Tuesday, October 16, 2012

School Lunch Soapbox - Behind the Scenes

I used to be a teacher.  My mom was a teacher.  I have a lot of friends that are teachers and work in schools.  Over the past 6 weeks or so, my main question has been "How's school lunch going this year?"

The answer is surprisingly consistent:  "It's not too bad.  But we're not following the guidelines exactly."
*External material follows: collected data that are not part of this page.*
lemma gbinomial_half_Suc_eq_catalan: "((1/2 :: rat) gchoose Suc n) * (-4) ^ Suc n = -2 * fps_nth catalan_fps n"
proof (induction n)
  case 0
  show ?case by (simp add: catalan_fps_def)
next
  case (Suc n)
  let ?G = "(1/2 :: rat) gchoose Suc n"
  have "of_nat (Suc (Suc n)) * ((1/2 :: rat) gchoose Suc (Suc n)) = (1/2 - of_nat (Suc n)) * ?G"
    using gbinomial_mult_1[of "1/2 :: rat" "Suc n"] by (simp add: algebra_simps)
  then have "(1/2 :: rat) gchoose Suc (Suc n) = (1/2 - of_nat (Suc n)) * ?G / of_nat (Suc (Suc n))"
    by (simp add: eq_divide_eq mult.commute del: of_nat_Suc)
  then have "((1/2 :: rat) gchoose Suc (Suc n)) * (-4) ^ Suc (Suc n)
      = (?G * (-4) ^ Suc n) * ((1/2 - of_nat (Suc n)) * (-4) / of_nat (Suc (Suc n)))"
    by (simp only: power_Suc times_divide_eq_left times_divide_eq_right mult_ac)
  also have "(1/2 - of_nat (Suc n)) * (-4) / of_nat (Suc (Suc n)) = (2 * (2 * of_nat n + 1) / (of_nat n + 2) :: rat)"
    by (simp add: algebra_simps)
  finally show ?case
    using Suc.IH by (simp add: catalan_fps_nth_Suc)
qed

lemma one_minus_2X_catalan_fps_eq_binomial:
  "1 - 2 * fps_X * catalan_fps = fps_binomial (1/2) oo (fps_const (-4) * fps_X)"
proof (rule fps_ext)
  fix n
  show "fps_nth (1 - 2 * fps_X * catalan_fps) n = fps_nth (fps_binomial (1/2) oo (fps_const (-4) * fps_X)) n"
    using gbinomial_half_Suc_eq_catalan[of "n - 1"]
    by (cases n) (simp_all add: fps_compose_linear numeral_fps_const mult.assoc)
qed

lemma catalan_fps_equation: "catalan_fps = 1 + fps_X * catalan_fps ^ 2"
proof -
  let ?F = catalan_fps and ?c = "fps_const (-4 :: rat) * fps_X"
  have "(1 - 2 * fps_X * ?F) ^ 2 = (fps_binomial (1/2) * fps_binomial (1/2)) oo ?c"
    by (simp add: one_minus_2X_catalan_fps_eq_binomial power2_eq_square fps_compose_mult_distrib)
  also have "fps_binomial (1/2) * fps_binomial (1/2) = 1 + (fps_X :: rat fps)"
    by (simp flip: fps_binomial_add_mult add: fps_binomial_1)
  also have "?c = - 4 * fps_X"
    by (simp only: neg_numeral_fps_const)
  finally have "(1 - 2 * fps_X * ?F) ^ 2 = 1 - 4 * fps_X"
    by (simp add: fps_compose_add_distrib)
  then have "(4 * fps_X) * (?F - (1 + fps_X * ?F ^ 2)) = 0"
    by (simp add: algebra_simps power2_eq_square)
  moreover have "4 * fps_X \<noteq> (0 :: rat fps)"
    by (metis fps_X_neq_zero mult_eq_0_iff zero_neq_numeral)
  ultimately show ?thesis
    by simp
qed

lemma catalan_fps_mult_one_minus: "catalan_fps * (1 - fps_X * catalan_fps) = 1"
  using catalan_fps_equation by (simp add: algebra_simps power2_eq_square)

lemma X_catalan_fps_mult_one_minus: "fps_X * catalan_fps * (1 - fps_X * catalan_fps) = fps_X"
  using catalan_fps_mult_one_minus by (metis mult.assoc mult.right_neutral)

lemma fps_nth_one_minus_X_catalan_fps_power:
  assumes "K < 2 * t"
  shows "- fps_nth ((1 - fps_X * catalan_fps) ^ K) t = fps_nth_int (catalan_fps ^ K) (int t - int K)"
proof -
  have "- fps_nth ((1 - fps_X * catalan_fps) ^ K) t = fps_nth (fps_X ^ K * catalan_fps ^ K) t"
    using fps_nth_power_add_complement_eq_0[OF X_catalan_fps_mult_one_minus assms]
    by (simp add: power_mult_distrib eq_neg_iff_add_eq_0)
  then show ?thesis
    by (simp add: fps_nth_int_diff)
qed

lemma hankel_det_catalan_fps_shift:
  assumes "K < 2 * (L + 1)"
  shows "hankel_det catalan_fps K (1 - int L) (L + n)
       = (-1) ^ (L choose 2) * hankel_det catalan_fps K (int L + 1 - int K) n"
proof -
  let ?f = "catalan_fps ^ K" and ?g = "(1 - fps_X * catalan_fps) ^ K"
  have fg: "?f * ?g = 1"
    by (simp flip: power_mult_distrib add: catalan_fps_mult_one_minus)
  have f0: "fps_nth ?f 0 = 1"
    by (simp add: fps_power_zeroth catalan_fps_def)
  have "hankel_det catalan_fps K (1 - int L) (L + n)
      = det (mat (L + n) (L + n) (\<lambda>(i, j). fps_nth_int ?f (int i + int j + 1 - int L)))"
    by (simp add: hankel_det_def aK_def fps_nth_int_def add_diff_eq)
  also have "\<dots> = (-1) ^ (L choose 2) * det (mat n n (\<lambda>(i, j). - fps_nth ?g (i + j + L + 1)))"
    by (rule det_hankel_fps_mult_eq_1[OF fg f0])
  also have "mat n n (\<lambda>(i, j). - fps_nth ?g (i + j + L + 1))
      = mat n n (\<lambda>(i, j). aK catalan_fps K (int i + int j + (int L + 1 - int K)))"
  proof (rule cong_mat)
    fix i j
    have "- fps_nth ?g (i + j + L + 1) = fps_nth_int ?f (int (i + j + L + 1) - int K)"
      using assms by (intro fps_nth_one_minus_X_catalan_fps_power) simp
    then show "(\<lambda>(i, j). - fps_nth ?g (i + j + L + 1)) (i, j)
        = (\<lambda>(i, j). aK catalan_fps K (int i + int j + (int L + 1 - int K))) (i, j)"
      by (simp add: aK_def fps_nth_int_def algebra_simps)
  qed simp_all
  finally show ?thesis
    by (simp add: hankel_det_def)
qed

lemma hankel_det_eq_0_if_negative_first_row:
  assumes "0 < N" and "int N + M \<le> 0"
  shows "hankel_det F K M N = 0"
proof -
  have "mat N N (\<lambda>(i, j). aK F K (int i + int j + M))
      = mat\<^sub>r N N (\<lambda>i. if i = 0 then 0\<^sub>v N else vec N (\<lambda>j. aK F K (int i + int j + M)))"
    using assms(2) by (intro eq_matI) (auto simp: aK_def)
  then show ?thesis
    unfolding hankel_det_def using assms(1) by (simp add: det_row_0)
qed

theorem theorem1p1:
  fixes k m :: nat
  assumes "k \<ge> 1"
  shows "(\<forall>N. 1 \<le> N \<and> N \<le> m + k - 1 \<longrightarrow>
            hankel_det catalan_fps (2*k) (1 - int k - int m) N = 0)
       \<and> (\<forall>n. hankel_det catalan_fps (2*k) (1 - int k - int m) (n + m + k) =
            (-1) ^ ((m + k) choose 2) * hankel_det catalan_fps (2*k) (1 - int k + int m) n)
       \<and> (\<forall>N. 1 \<le> N \<and> N \<le> m + k - 2 \<longrightarrow>
            hankel_det catalan_fps (2*k - 1) (2 - int k - int m) N = 0)
       \<and> (\<forall>n. hankel_det catalan_fps (2*k - 1) (2 - int k - int m) (n + m + k - 1) =
            (-1) ^ ((m + k - 1) choose 2) * hankel_det catalan_fps (2*k - 1) (1 - int k + int m) n)"
proof (intro conjI allI impI)
  fix N
  assume "1 \<le> N \<and> N \<le> m + k - 1"
  then show "hankel_det catalan_fps (2*k) (1 - int k - int m) N = 0"
    by (intro hankel_det_eq_0_if_negative_first_row) auto
next
  fix n
  show "hankel_det catalan_fps (2*k) (1 - int k - int m) (n + m + k) =
      (-1) ^ ((m + k) choose 2) * hankel_det catalan_fps (2*k) (1 - int k + int m) n"
    using hankel_det_catalan_fps_shift[of "2*k" "m + k" n] by (simp add: algebra_simps)
next
  fix N
  assume "1 \<le> N \<and> N \<le> m + k - 2"
  then show "hankel_det catalan_fps (2*k - 1) (2 - int k - int m) N = 0"
    by (intro hankel_det_eq_0_if_negative_first_row) auto
next
  fix n
  show "hankel_det catalan_fps (2*k - 1) (2 - int k - int m) (n + m + k - 1) =
      (-1) ^ ((m + k - 1) choose 2) * hankel_det catalan_fps (2*k - 1) (1 - int k + int m) n"
    using hankel_det_catalan_fps_shift[of "2*k - 1" "m + k - 1" n] assms
    by (simp add: algebra_simps of_nat_diff)
qed

end
lemma normalized_monotone_measure_range:
  assumes "monotone_measure M m" "m (space M) = 1" "A \<in> sets M"
  shows "enn2real (m A) \<in> {0..1}"
  using normalized_monotone_measure_le_one[OF assms] by (auto intro: enn2real_leI)

lemma normalized_monotone_measure_mono:
  assumes "monotone_measure M m" "m (space M) = 1" "A \<in> sets M" "B \<in> sets M" "A \<subseteq> B"
  shows "enn2real (m A) \<le> enn2real (m B)"
proof (rule enn2real_mono)
  show "m A \<le> m B"
    using assms(1,3-5) unfolding monotone_measure_def by blast
  show "m B < top"
    using normalized_monotone_measure_le_one[OF assms(1,2,4)]
    by (simp add: order.strict_trans1 ennreal_one_less_top)
qed

lemma I_sc_level_range:
  assumes "semicopula S" "monotone_measure M m" "m (space M) = 1"
    and "h \<in> borel_measurable M" "t \<in> {0..1}"
  shows "S t (enn2real (m {x \<in> space M. t \<le> h x})) \<in> {0..1}"
proof -
  have "{x \<in> space M. t \<le> h x} \<in> sets M"
    using assms(4) by measurable
  thus ?thesis
    using assms(1-3,5) normalized_monotone_measure_range semicopula_range by blast
qed

lemma I_sc_upper:
  assumes "semicopula S" "monotone_measure M m" "m (space M) = 1"
    and "h \<in> borel_measurable M" "t \<in> {0..1}"
  shows "S t (enn2real (m {x \<in> space M. t \<le> h x})) \<le> I_sc S M m h"
  unfolding I_sc_def
proof (rule cSUP_upper[OF assms(5)])
  show "bdd_above ((\<lambda>t. S t (enn2real (m {x \<in> space M. t \<le> h x}))) ` {0..1})"
    using I_sc_level_range[OF assms(1-4)] by (intro bdd_aboveI[where M=1]) auto
qed

lemma semicopula_measure_nested_le_Int:
  assumes "semicopula S" "monotone_measure M m" "m (space M) = 1"
    and "A \<in> sets M" "B \<in> sets M" "A \<subseteq> B \<or> B \<subseteq> A"
  shows "S (enn2real (m A)) (enn2real (m B)) \<le> enn2real (m (A \<inter> B))"
proof -
  have "S (enn2real (m A)) (enn2real (m B)) \<le> min (enn2real (m A)) (enn2real (m B))"
    using assms(1-5) by (intro semicopula_le_min normalized_monotone_measure_range)
  with assms(6) show ?thesis
    by (auto simp: Int_absorb1 Int_absorb2)
qed

lemma comonotone_level_sets_nested:
  fixes f g :: "'a \<Rightarrow> real"
  assumes "comonotone X f g"
  shows "{x \<in> X. a \<le> f x} \<subseteq> {x \<in> X. b \<le> g x} \<or> {x \<in> X. b \<le> g x} \<subseteq> {x \<in> X. a \<le> f x}"
proof (rule ccontr)
  assume "\<not> ?thesis"
  then obtain x y where "x \<in> X" "a \<le> f x" "\<not> b \<le> g x" and "y \<in> X" "b \<le> g y" "\<not> a \<le> f y"
    by blast
  hence "(f x - f y) * (g x - g y) < 0"
    by (intro mult_pos_neg) auto
  with assms \<open>x \<in> X\<close> \<open>y \<in> X\<close> show False
    unfolding comonotone_def by force
qed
I ask what they mean by that.

For the most part, school lunch programs in our rural state are:
1.  Still offering seconds without charging the students.
---I'd like you to tell the German ladies at my local school that they can't give the football players another helping on Fridays.  Frankly, I'd like to see the showdown that would have happened between my brother (the 4 year starter on both offensive and defensive lines) and our beloved head cook Deb if she wouldn't have been able to give him seconds on TaterTot hotdish.

2.  They are not following portion sizes on each item.
---The hardest one to source is a slice of bread that is the right size.  Although there are some vendors that are making this available, for those schools that still bake their own, this one is tricky.  The other difficult item to size is meat.

3.  They are serving more protein.
---Do you know what 2oz of meat looks like?  Aimee at Everyday Epistle shows you.  Again, I can tell you that a single chicken leg or meatball would not have satisfied my brother, or me, for that matter!

4.  They are still serving dessert.
---Yes, you read that right.  Every couple of days or so the students have the option of a small cookie or piece of cake.  {insert gasp here}  Some of my contacts even said, "We'd be in so much trouble if we got audited."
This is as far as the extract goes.